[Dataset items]
════
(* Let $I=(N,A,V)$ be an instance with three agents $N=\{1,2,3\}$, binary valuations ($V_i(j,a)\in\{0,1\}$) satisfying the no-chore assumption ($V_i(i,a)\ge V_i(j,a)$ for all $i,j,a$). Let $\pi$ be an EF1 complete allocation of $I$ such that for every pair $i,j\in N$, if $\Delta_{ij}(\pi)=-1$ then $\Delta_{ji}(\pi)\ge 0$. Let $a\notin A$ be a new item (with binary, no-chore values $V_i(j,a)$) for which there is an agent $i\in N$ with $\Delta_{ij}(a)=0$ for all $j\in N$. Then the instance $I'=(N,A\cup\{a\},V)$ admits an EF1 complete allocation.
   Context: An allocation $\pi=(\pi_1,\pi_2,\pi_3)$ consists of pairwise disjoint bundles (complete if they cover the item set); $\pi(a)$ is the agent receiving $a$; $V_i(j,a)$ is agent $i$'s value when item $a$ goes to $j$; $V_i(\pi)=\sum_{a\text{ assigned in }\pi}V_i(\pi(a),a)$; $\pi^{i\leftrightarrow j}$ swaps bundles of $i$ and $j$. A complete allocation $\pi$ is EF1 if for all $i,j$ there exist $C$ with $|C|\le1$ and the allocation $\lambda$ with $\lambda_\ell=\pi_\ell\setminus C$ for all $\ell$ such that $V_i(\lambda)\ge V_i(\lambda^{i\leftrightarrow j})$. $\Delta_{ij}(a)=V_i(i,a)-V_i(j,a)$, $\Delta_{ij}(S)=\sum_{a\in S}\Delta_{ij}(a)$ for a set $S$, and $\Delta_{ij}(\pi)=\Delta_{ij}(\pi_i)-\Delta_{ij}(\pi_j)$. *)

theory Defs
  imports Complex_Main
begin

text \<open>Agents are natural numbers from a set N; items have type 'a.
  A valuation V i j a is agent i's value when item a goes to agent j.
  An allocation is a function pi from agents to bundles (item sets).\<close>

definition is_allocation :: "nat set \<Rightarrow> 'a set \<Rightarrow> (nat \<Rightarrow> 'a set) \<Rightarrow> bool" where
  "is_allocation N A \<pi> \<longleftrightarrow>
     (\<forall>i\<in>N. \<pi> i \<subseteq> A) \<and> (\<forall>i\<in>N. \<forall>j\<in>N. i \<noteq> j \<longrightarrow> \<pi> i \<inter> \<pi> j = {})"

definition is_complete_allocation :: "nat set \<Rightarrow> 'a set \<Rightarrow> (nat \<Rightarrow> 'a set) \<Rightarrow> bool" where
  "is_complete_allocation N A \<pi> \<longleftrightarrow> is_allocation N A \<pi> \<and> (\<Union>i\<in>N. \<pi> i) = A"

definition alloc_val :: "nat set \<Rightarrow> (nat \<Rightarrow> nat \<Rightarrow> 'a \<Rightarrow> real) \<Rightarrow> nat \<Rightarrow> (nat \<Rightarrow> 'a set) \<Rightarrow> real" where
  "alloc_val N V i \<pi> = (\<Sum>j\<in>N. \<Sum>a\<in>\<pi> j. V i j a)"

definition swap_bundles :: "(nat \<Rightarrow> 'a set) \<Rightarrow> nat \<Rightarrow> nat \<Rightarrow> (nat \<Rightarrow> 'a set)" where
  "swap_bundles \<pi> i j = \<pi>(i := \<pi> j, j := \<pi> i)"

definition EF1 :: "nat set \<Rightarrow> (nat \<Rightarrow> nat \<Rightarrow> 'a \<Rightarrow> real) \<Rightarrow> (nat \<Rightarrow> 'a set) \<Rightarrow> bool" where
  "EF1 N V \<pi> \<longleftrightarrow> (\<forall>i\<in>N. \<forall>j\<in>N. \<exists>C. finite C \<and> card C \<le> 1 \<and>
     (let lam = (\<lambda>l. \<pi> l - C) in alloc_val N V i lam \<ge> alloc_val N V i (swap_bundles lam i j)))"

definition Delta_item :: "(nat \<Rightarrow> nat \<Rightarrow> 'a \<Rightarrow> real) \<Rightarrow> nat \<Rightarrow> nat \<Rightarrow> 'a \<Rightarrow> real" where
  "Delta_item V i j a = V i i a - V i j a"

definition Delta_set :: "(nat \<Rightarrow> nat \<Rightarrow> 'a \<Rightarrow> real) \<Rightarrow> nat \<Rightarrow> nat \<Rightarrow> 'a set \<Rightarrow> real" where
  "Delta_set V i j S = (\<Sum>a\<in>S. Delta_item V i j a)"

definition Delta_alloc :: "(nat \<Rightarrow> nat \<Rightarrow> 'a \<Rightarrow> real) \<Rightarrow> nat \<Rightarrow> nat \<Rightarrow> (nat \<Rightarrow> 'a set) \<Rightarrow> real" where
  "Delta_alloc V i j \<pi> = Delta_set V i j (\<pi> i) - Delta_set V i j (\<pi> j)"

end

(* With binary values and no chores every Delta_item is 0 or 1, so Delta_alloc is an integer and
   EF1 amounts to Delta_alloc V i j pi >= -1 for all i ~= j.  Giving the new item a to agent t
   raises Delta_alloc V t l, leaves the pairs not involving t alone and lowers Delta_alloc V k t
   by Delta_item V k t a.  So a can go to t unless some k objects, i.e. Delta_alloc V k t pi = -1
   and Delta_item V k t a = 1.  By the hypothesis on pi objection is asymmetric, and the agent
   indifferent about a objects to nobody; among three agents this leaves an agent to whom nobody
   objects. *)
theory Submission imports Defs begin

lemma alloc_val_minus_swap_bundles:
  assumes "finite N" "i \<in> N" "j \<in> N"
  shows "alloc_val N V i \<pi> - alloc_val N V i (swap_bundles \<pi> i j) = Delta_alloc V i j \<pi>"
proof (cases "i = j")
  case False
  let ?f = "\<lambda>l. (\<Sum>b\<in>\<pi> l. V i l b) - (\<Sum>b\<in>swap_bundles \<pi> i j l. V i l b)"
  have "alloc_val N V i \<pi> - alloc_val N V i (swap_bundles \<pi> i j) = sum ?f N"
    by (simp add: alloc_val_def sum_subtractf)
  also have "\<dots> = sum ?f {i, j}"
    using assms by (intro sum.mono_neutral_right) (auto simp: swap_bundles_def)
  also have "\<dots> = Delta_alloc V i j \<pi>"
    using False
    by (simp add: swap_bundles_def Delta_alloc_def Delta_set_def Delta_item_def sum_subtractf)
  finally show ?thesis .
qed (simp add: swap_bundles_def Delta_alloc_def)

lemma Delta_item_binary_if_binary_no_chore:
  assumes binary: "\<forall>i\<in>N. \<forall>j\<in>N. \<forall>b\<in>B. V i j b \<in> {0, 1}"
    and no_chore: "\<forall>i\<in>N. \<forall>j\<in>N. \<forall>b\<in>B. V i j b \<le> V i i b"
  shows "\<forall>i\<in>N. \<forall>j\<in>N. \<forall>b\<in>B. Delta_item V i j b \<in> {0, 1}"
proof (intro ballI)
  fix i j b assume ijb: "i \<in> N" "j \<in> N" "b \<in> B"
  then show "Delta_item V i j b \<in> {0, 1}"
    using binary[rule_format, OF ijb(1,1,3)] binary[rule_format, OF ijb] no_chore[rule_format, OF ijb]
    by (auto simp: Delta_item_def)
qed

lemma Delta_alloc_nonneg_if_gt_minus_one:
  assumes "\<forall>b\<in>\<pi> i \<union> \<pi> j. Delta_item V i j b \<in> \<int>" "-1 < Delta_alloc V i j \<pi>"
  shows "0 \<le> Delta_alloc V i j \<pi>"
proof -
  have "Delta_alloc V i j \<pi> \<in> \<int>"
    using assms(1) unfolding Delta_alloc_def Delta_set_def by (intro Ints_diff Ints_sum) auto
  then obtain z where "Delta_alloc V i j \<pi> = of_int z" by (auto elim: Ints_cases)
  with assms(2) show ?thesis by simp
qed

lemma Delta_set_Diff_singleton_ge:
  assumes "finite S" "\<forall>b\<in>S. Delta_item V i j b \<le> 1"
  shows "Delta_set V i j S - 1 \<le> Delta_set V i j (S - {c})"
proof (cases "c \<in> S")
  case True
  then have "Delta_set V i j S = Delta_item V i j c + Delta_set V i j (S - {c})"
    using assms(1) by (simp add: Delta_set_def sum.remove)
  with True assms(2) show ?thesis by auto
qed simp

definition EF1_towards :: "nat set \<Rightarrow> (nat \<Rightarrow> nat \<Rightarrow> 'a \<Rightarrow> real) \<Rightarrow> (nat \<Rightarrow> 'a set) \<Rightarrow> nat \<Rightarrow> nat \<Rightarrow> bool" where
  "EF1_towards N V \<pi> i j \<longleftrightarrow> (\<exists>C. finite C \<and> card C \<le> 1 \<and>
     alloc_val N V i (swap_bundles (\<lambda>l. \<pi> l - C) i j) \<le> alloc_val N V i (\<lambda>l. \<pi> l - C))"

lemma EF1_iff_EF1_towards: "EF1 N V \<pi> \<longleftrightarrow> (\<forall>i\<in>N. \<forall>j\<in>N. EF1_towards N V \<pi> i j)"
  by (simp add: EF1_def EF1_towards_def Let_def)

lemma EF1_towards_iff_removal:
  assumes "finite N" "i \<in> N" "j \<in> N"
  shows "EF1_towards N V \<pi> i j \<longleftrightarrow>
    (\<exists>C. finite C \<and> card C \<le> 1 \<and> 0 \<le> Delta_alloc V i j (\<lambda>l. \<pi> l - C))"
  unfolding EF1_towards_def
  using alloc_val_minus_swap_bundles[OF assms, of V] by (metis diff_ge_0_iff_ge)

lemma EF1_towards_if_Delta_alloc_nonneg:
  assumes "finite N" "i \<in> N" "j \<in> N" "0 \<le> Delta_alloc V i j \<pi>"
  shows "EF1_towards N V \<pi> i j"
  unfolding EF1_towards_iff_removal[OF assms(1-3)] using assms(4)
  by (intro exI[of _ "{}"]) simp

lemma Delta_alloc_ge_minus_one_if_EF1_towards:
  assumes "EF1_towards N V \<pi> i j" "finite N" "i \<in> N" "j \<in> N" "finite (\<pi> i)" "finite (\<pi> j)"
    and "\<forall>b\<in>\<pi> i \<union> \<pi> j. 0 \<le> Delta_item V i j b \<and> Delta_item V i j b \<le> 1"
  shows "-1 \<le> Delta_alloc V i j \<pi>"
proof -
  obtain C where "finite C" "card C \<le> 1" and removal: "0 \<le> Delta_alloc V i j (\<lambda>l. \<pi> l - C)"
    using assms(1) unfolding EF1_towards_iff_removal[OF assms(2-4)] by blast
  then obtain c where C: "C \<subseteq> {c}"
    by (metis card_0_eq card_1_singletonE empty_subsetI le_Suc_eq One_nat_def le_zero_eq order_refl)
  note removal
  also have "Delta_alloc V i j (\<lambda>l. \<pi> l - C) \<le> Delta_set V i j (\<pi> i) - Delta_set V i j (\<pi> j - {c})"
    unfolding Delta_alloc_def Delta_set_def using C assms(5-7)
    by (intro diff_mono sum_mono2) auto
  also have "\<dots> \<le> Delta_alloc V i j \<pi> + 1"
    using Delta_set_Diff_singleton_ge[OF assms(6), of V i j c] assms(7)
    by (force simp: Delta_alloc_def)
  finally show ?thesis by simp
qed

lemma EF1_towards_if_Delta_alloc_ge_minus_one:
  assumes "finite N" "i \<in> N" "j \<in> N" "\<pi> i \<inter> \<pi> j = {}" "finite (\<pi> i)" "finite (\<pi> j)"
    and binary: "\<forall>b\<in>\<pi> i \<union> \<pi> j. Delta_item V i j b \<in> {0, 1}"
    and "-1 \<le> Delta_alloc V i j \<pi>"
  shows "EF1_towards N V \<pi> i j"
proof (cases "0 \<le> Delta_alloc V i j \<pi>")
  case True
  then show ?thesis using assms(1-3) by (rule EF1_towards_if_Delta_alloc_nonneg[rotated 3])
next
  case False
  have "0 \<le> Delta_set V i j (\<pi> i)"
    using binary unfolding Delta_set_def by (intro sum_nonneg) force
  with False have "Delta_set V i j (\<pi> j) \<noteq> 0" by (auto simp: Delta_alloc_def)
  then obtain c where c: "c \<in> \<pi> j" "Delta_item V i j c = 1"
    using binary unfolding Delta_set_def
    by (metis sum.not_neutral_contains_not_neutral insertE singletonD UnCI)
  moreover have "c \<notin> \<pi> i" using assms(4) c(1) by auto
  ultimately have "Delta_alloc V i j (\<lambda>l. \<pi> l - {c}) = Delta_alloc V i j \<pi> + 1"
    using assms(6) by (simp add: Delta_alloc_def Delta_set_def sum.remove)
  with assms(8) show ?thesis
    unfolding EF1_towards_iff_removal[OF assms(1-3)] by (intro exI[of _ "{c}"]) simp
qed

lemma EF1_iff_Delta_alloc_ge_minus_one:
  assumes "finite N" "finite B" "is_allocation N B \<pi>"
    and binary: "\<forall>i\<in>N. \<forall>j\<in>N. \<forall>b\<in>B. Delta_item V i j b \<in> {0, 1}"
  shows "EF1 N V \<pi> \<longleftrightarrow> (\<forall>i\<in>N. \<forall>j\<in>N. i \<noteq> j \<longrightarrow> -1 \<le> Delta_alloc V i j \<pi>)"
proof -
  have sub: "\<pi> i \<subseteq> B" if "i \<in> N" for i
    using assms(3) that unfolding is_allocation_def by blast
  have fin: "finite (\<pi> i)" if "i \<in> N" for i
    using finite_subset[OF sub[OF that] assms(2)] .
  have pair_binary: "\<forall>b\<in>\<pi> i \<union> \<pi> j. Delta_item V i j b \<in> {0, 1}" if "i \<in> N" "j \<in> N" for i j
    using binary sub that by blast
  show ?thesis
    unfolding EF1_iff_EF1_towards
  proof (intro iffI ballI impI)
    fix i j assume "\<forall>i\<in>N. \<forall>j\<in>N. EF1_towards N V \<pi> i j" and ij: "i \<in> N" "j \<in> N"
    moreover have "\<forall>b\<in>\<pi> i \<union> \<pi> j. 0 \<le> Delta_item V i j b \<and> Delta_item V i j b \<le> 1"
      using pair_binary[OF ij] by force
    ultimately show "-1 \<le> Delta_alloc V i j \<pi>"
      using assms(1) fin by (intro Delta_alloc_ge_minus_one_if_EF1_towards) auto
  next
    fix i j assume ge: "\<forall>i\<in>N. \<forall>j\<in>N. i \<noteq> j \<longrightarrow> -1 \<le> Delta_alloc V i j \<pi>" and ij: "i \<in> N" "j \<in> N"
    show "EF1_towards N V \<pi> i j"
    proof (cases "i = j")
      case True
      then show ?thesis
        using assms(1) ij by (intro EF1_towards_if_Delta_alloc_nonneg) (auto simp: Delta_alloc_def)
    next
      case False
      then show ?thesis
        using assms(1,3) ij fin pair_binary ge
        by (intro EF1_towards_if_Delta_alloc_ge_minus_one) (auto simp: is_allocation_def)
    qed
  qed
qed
════
WORK INSTRUCTION —
Lines from the one that contains "using assms(1,3) ij" through the final line of the entries must be duplicated exactly, and no other lines.

FINISHED TASK —
        using assms(1,3) ij fin pair_binary ge
        by (intro EF1_towards_if_Delta_alloc_ge_minus_one) (auto simp: is_allocation_def)
    qed
  qed
qed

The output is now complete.